(Collected data entries)
****

lemma iter_integral_Suc_lipschitz:
  assumes g: "continuous_on {0..h} g" and M: "\<forall>s\<in>{0..h}. \<bar>g s\<bar> \<le> M"
    and "s \<in> {0..h}" "t \<in> {0..h}"
  shows "\<bar>iter_integral (Suc k) g t - iter_integral (Suc k) g s\<bar> \<le> M * h ^ k / fact k * \<bar>t - s\<bar>"
proof -
  have ordered: "\<bar>iter_integral (Suc k) g b - iter_integral (Suc k) g a\<bar> \<le> M * h ^ k / fact k * (b - a)"
    if ab: "0 \<le> a" "a \<le> b" "b \<le> h" for a b
  proof -
    have int: "iter_integral k g integrable_on {0..b}"
      using iter_integral_integrable_on[OF g ab(3)] .
    have "iter_integral (Suc k) g b - iter_integral (Suc k) g a = integral {a..b} (iter_integral k g)"
      using Henstock_Kurzweil_Integration.integral_combine[OF ab(1,2) int] by simp
    moreover have "norm (integral {a..b} (iter_integral k g)) \<le> M * h ^ k / fact k * (b - a)"
    proof (rule integral_bound[OF ab(2)])
      show "continuous_on {a..b} (iter_integral k g)"
        using ab by (intro continuous_on_subset[OF iter_integral_continuous_on[OF g]]) auto
      show "norm (iter_integral k g x) \<le> M * h ^ k / fact k" if "x \<in> {a..b}" for x
        using iter_integral_abs_le[OF g M] that ab by simp
    qed
    ultimately show ?thesis using ab by simp
  qed
  show ?thesis
    using ordered[of s t] ordered[of t s] assms(3,4)
    by (cases "s \<le> t") (auto simp: abs_minus_commute)
qed

lemma integral_Diff_singleton:
  fixes f :: "'a::euclidean_space \<Rightarrow> 'b::banach"
  shows "integral (S - {a}) f = integral S f"
  by (rule integral_spike_set) (auto intro: negligible_subset[OF negligible_sing])

lemma integrable_on_Diff_singleton_iff:
  fixes f :: "'a::euclidean_space \<Rightarrow> 'b::banach"
  shows "f integrable_on (S - {a}) \<longleftrightarrow> f integrable_on S"
  by (rule integrable_spike_set_eq) (auto intro: negligible_subset[OF negligible_sing])

text \<open>The substitution \<open>r = t - s\<close> turns \<open>J\<^sup>\<beta> u t\<close> into \<open>powr_conv \<beta> u t / \<Gamma>(\<beta>)\<close>; in this
  form the singularity of the kernel sits at \<open>r = 0\<close> for every \<open>t\<close>.\<close>

definition powr_conv :: "real \<Rightarrow> (real \<Rightarrow> real) \<Rightarrow> real \<Rightarrow> real" where
  "powr_conv \<beta> u t = integral {0..t} (\<lambda>r. r powr (\<beta> - 1) * u (t - r))"

lemma powr_conv_integrable:
  fixes u :: "real \<Rightarrow> real"
  assumes b: "\<beta> > 0" and u: "continuous_on {0..h} u" and t: "t \<in> {0..h}"
  shows "(\<lambda>r. r powr (\<beta> - 1) * u (t - r)) integrable_on {0..t}"
proof -
  have cu: "continuous_on {0..t} (\<lambda>r. u (t - r))"
    by (rule continuous_on_compose2[OF u]) (use t in \<open>auto intro!: continuous_intros\<close>)
  have "(\<lambda>r. u (t - r) * r powr (\<beta> - 1)) absolutely_integrable_on {0..t}"
  proof (rule absolutely_integrable_bounded_measurable_product_real)
    show "(\<lambda>r. u (t - r)) \<in> borel_measurable (lebesgue_on {0..t})"
      by (rule continuous_imp_measurable_on_sets_lebesgue[OF cu]) simp
    show "bounded ((\<lambda>r. u (t - r)) ` {0..t})"
      by (rule compact_imp_bounded, rule compact_continuous_image[OF cu]) simp
    show "(\<lambda>r. r powr (\<beta> - 1)) absolutely_integrable_on {0..t}"
      using integrable_on_powr_from_0[of "\<beta> - 1" t] b t
      by (intro nonnegative_absolutely_integrable_1) auto
  qed simp
  then show ?thesis
    by (simp add: mult.commute absolutely_integrable_on_def)
qed

lemma RL_int_eq_powr_conv:
  assumes b: "\<beta> > 0" and u: "continuous_on {0..h} u" and t: "t \<in> {0..h}"
  shows "RL_int \<beta> u t = powr_conv \<beta> u t / Gamma \<beta>"
proof -
  have "((\<lambda>r. r powr (\<beta> - 1) * u (t - r)) has_integral powr_conv \<beta> u t) (cbox 0 t)"
    unfolding powr_conv_def using powr_conv_integrable[OF assms] by (simp add: integrable_integral)
  from has_integral_affinity[OF this, of "-1" t]
  have "((\<lambda>s. (t - s) powr (\<beta> - 1) * u s) has_integral powr_conv \<beta> u t) ((\<lambda>s. t - s) ` {0..t})"
    by simp
  moreover have "(\<lambda>s. t - s) ` {0..t} = {0..t}"
    by (auto simp: image_iff intro!: bexI[of _ "t - _"])
  ultimately show ?thesis
    using b unfolding RL_int_def by (simp add: integral_unique)
qed

lemma powr_conv_abs_le:
  assumes b: "\<beta> > 0" and u: "continuous_on {0..h} u" and t: "t \<in> {0..h}"
    and e: "\<forall>s\<in>{0..t}. \<bar>u s\<bar> \<le> e"
  shows "\<bar>powr_conv \<beta> u t\<bar> \<le> e * (t powr \<beta> / \<beta>)"
proof -
  have majorant: "((\<lambda>r. e * r powr (\<beta> - 1)) has_integral e * (t powr \<beta> / \<beta>)) {0..t}"
    using has_integral_mult_right[OF has_integral_powr_from_0[of "\<beta> - 1" t], of e] b t by simp
  have "norm (powr_conv \<beta> u t) \<le> integral {0..t} (\<lambda>r. e * r powr (\<beta> - 1))"
    unfolding powr_conv_def
  proof (rule integral_norm_bound_integral)
    show "(\<lambda>r. r powr (\<beta> - 1) * u (t - r)) integrable_on {0..t}"
      by (rule powr_conv_integrable[OF b u t])
    show "(\<lambda>r. e * r powr (\<beta> - 1)) integrable_on {0..t}"
      using majorant by (rule has_integral_integrable)
    show "norm (r powr (\<beta> - 1) * u (t - r)) \<le> e * r powr (\<beta> - 1)" if "r \<in> {0..t}" for r
      using e that by (auto simp: abs_mult mult.commute intro!: mult_right_mono)
  qed
  then show ?thesis
    using integral_unique[OF majorant] by simp
qed
lemma Gamma_le_Gamma_add_nat:
  fixes b :: real
  assumes "b > 0"
  shows "Gamma (b + 1) \<le> Gamma (real k + b + 1)"
proof -
  have Gamma_pos: "Gamma (b + 1) > 0"
    using assms by (intro Gamma_real_pos) simp
  have "b + 1 \<notin> \<int>\<^sub>\<le>\<^sub>0"
    using assms nonpos_Ints_nonpos[of "b + 1"] by force
  then have Gamma_shift: "Gamma (real k + b + 1) = pochhammer (b + 1) k * Gamma (b + 1)"
    using pochhammer_Gamma[of "b + 1" k] Gamma_pos by (simp add: add_ac)
  have "pochhammer (b + 1) k \<ge> (1::real)"
  proof (induction k)
    case (Suc k)
    have "(1::real) * 1 \<le> pochhammer (b + 1) k * (b + 1 + real k)"
      by (rule mult_mono) (use Suc assms in auto)
    then show ?case by (simp add: pochhammer_Suc)
  qed simp
  then show ?thesis
    unfolding Gamma_shift using Gamma_pos by simp
qed

lemma summable_besselI_series:
  fixes b w :: real
  assumes b: "b > 0" and w: "w \<ge> 0"
  shows "summable (\<lambda>k. w powr (2 * real k + b) / (fact k * Gamma (real k + b + 1)))"
proof (rule summable_comparison_test)
  let ?g = "\<lambda>k. w powr b / Gamma (b + 1) * (inverse (fact k) * (w\<^sup>2) ^ k)"
  show "summable ?g"
    by (intro summable_mult summable_exp)
  have "norm (w powr (2 * real k + b) / (fact k * Gamma (real k + b + 1))) \<le> ?g k" for k
  proof -
    have w_powr: "w powr (2 * real k + b) = w powr b * (w\<^sup>2) ^ k"
    proof (cases "w = 0")
      case False
      then have "w powr (2 * real k) = (w\<^sup>2) ^ k"
        using w powr_realpow[of w "2 * k"] by (simp add: power_mult)
      then show ?thesis
        by (simp add: powr_add)
    qed (use b in simp)
    have "Gamma (b + 1) > 0"
      using b by (intro Gamma_real_pos) simp
    moreover have "0 \<le> w powr b * (w\<^sup>2) ^ k / fact k"
      using w by simp
    ultimately have "w powr b * (w\<^sup>2) ^ k / fact k / Gamma (real k + b + 1)
        \<le> w powr b * (w\<^sup>2) ^ k / fact k / Gamma (b + 1)"
      using Gamma_le_Gamma_add_nat[OF b, of k] by (intro divide_left_mono) auto
    moreover have "Gamma (real k + b + 1) > 0"
      using b by (intro Gamma_real_pos) simp
    ultimately show ?thesis
      unfolding w_powr using w by (simp add: field_simps)
  qed
  then show "\<exists>N. \<forall>k\<ge>N. norm (w powr (2 * real k + b) / (fact k * Gamma (real k + b + 1))) \<le> ?g k"
    by blast
qed

definition survival_coeff :: "real \<Rightarrow> real \<Rightarrow> real \<Rightarrow> nat \<Rightarrow> real" where
  "survival_coeff b t x k =
     exp (- x\<^sup>2 / (2 * t)) * x powr (2 * real k + 2 * b) / ((2 * t) powr (real k + b) * Gamma (real k + b + 1))"

lemma survival_coeff_nonneg:
  "b > 0 \<Longrightarrow> survival_coeff b t x k \<ge> 0"
  unfolding survival_coeff_def by (simp add: Gamma_real_pos)

lemma survival_coeff_Suc: "survival_coeff b t x (Suc k) = survival_coeff (b + 1) t x k"
  unfolding survival_coeff_def by (simp add: algebra_simps)

lemma bessel_kdens_neg_series_term:
  fixes b t x z :: real
  assumes "t > 0" and "x > 0" and "z > 0"
  shows "(z / t) * (z / x) powr (- b) * exp (- (x\<^sup>2 + z\<^sup>2) / (2 * t))
           * ((x * z / t / 2) powr (2 * real k + b) / (fact k * Gamma (real k + b + 1)))
         = survival_coeff b t x k * chi_density t k z"
proof -
  let ?D = "fact k * Gamma (real k + b + 1)"
  have xz: "(x * z / t / 2) powr (2 * real k + b)
      = x powr (2 * real k + b) * z powr (2 * real k + b) / (2 * t) powr (2 * real k + b)"
    using assms by (simp add: powr_mult powr_divide mult.commute[of t] divide_divide_eq_left)
  have zx: "(z / x) powr (- b) = x powr b / z powr b"
    using assms by (simp add: powr_divide powr_minus_divide)
  have ex: "exp (- (x\<^sup>2 + z\<^sup>2) / (2 * t)) = exp (- x\<^sup>2 / (2 * t)) * exp (- z\<^sup>2 / (2 * t))"
    by (simp add: exp_add[symmetric] diff_divide_distrib)
  have zpow: "z * z powr (2 * real k + b) / z powr b = z ^ (2 * k + 1)"
    using assms by (simp add: powr_add powr_realpow[symmetric])
  have xpow: "x powr b * x powr (2 * real k + b) = x powr (2 * real k + 2 * b)"
    by (simp add: powr_add[symmetric] algebra_simps)
  have tpow: "t * (2 * t) powr (2 * real k + b) = (2 * t) powr (real k + b) * (2 * t) ^ (k + 1) / 2"
  proof -
    have "(2 * t) powr (2 * real k + b) = (2 * t) powr (real k + b) * (2 * t) powr real k"
      by (simp only: powr_add[symmetric]) (simp add: algebra_simps)
    also have "(2 * t) powr real k = (2 * t) ^ k"
      using assms by (simp only: powr_realpow mult_pos_pos zero_less_numeral)
    finally show ?thesis by simp
  qed
  have "(z / t) * (z / x) powr (- b) * exp (- (x\<^sup>2 + z\<^sup>2) / (2 * t))
           * ((x * z / t / 2) powr (2 * real k + b) / ?D)
        = (x powr b * x powr (2 * real k + b)) * (z * z powr (2 * real k + b) / z powr b)
           * exp (- x\<^sup>2 / (2 * t)) * exp (- z\<^sup>2 / (2 * t)) / (t * (2 * t) powr (2 * real k + b) * ?D)"
    unfolding xz zx ex by (simp add: field_simps)
  also have "\<dots> = x powr (2 * real k + 2 * b) * z ^ (2 * k + 1) * exp (- x\<^sup>2 / (2 * t))
           * exp (- z\<^sup>2 / (2 * t)) / ((2 * t) powr (real k + b) * (2 * t) ^ (k + 1) / 2 * ?D)"
    unfolding xpow zpow tpow by (simp add: mult.assoc)
  also have "\<dots> = survival_coeff b t x k * chi_density t k z"
    unfolding survival_coeff_def chi_density_def by (simp add: field_simps)
  finally show ?thesis .
qed
(* Let $Y_0$ be $\mathbb Z_+$-valued with $(m-1)\mathbf E(Y_0m^{Y_0})=\mathbf E(m^{Y_0})<\infty$. Fix an integer $i\ge0$ and let $N_n$ denote either $N_n^\#$ or $N_n^{(i)}$. Then for all $n\ge1$, $$\mathbf E[m^{Y_n}(1+Y_n)N_n]=\mathbf E[m^{Y_0}(1+Y_0)N_0]\prod_{k=0}^{n-1}[\mathbf E(m^{Y_k})]^{m-1}.$$ (Here $\mathbf E[m^{Y_0}(1+Y_0)N_0^{(i)}]=m^i(1+i)\mathbf P(Y_0=i)$ and $\mathbf E[m^{Y_0}(1+Y_0)N_0^\#]=\mathbf E[m^{Y_0}(1+Y_0)]$.)
   Context: Fix an integer $m\ge2$. Hierarchical representation: on a reversed $m$-ary tree (each vertex $x$ of generation $|x|\ge1$ has $m$ parents $x^{(1)},\dots,x^{(m)}$ in generation $|x|-1$ and each vertex a unique child in the next generation), let $Y(x)$, $|x|=0$, be i.i.d. with the law of $Y_0$ and $Y(x):=(Y(x^{(1)})+\cdots+Y(x^{(m)})-1)^+$ for $|x|\ge1$. A path leading to $x$ is $(x_0,\dots,x_{|x|}=x)$ with $|x_j|=j$ and $x_{j+1}$ the child of $x_j$; it is open if for every vertex $z$ on it with $|z|\ge1$, $Y(z^{(1)})+\cdots+Y(z^{(m)})\ge1$ (paths with $|x|=0$ are open). $N^\#(x)$ is the number of open paths leading to $x$, $N^{(i)}(x)$ the number of those with $Y(x_0)=i$. For a fixed vertex $\mathfrak e_n$ of generation $n$ (with $\mathfrak e_{n+1}$ the child of $\mathfrak e_n$), $N_n^\#:=N^\#(\mathfrak e_n)$, $N_n^{(i)}:=N^{(i)}(\mathfrak e_n)$, $Y_n:=Y(\mathfrak e_n)$; $Y_n$ has the law of the $n$-th term of the recursive system $Y_{n+1}\overset d=(Y_{n,1}+\cdots+Y_{n,m}-1)^+$. *)

theory Defs
  imports "HOL-Probability.Probability"
begin

text \<open>The part of the reversed m-ary tree above the fixed vertex e_n.
  A vertex is addressed by a list xs of parent choices (entries < m),
  read from e_n upwards; the vertex with address xs at generation d has
  parents xs @ [j], j < m, at generation d - 1. Generation-0 vertices
  (the leaves above e_n) carry the i.i.d. initial values y.\<close>

definition leaves :: "nat \<Rightarrow> nat \<Rightarrow> nat list set" where
  "leaves m n = {zs. length zs = n \<and> set zs \<subseteq> {..<m}}"

text \<open>Yval m d y xs = Y of the vertex at generation d with address xs;
  nat subtraction realises the positive part.\<close>
fun Yval :: "nat \<Rightarrow> nat \<Rightarrow> (nat list \<Rightarrow> nat) \<Rightarrow> nat list \<Rightarrow> nat" where
  "Yval m 0 y xs = y xs"
| "Yval m (Suc d) y xs = (\<Sum>j<m. Yval m d y (xs @ [j])) - 1"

****

* **PROBLEM DETAILS**: Please, from the entries above, set down exactly the lines from the one containing "using Gamma_le_Gamma_add_nat[OF b, of" through the one containing "unfolding survival_coeff_def by (simp add: Gamma_real_pos)", and only those.

* **WRITTEN RESPONSE**:
      using Gamma_le_Gamma_add_nat[OF b, of k] by (intro divide_left_mono) auto
    moreover have "Gamma (real k + b + 1) > 0"
      using b by (intro Gamma_real_pos) simp
    ultimately show ?thesis
      unfolding w_powr using w by (simp add: field_simps)
  qed
  then show "\<exists>N. \<forall>k\<ge>N. norm (w powr (2 * real k + b) / (fact k * Gamma (real k + b + 1))) \<le> ?g k"
    by blast
qed

definition survival_coeff :: "real \<Rightarrow> real \<Rightarrow> real \<Rightarrow> nat \<Rightarrow> real" where
  "survival_coeff b t x k =
     exp (- x\<^sup>2 / (2 * t)) * x powr (2 * real k + 2 * b) / ((2 * t) powr (real k + b) * Gamma (real k + b + 1))"

lemma survival_coeff_nonneg:
  "b > 0 \<Longrightarrow> survival_coeff b t x k \<ge> 0"
  unfolding survival_coeff_def by (simp add: Gamma_real_pos)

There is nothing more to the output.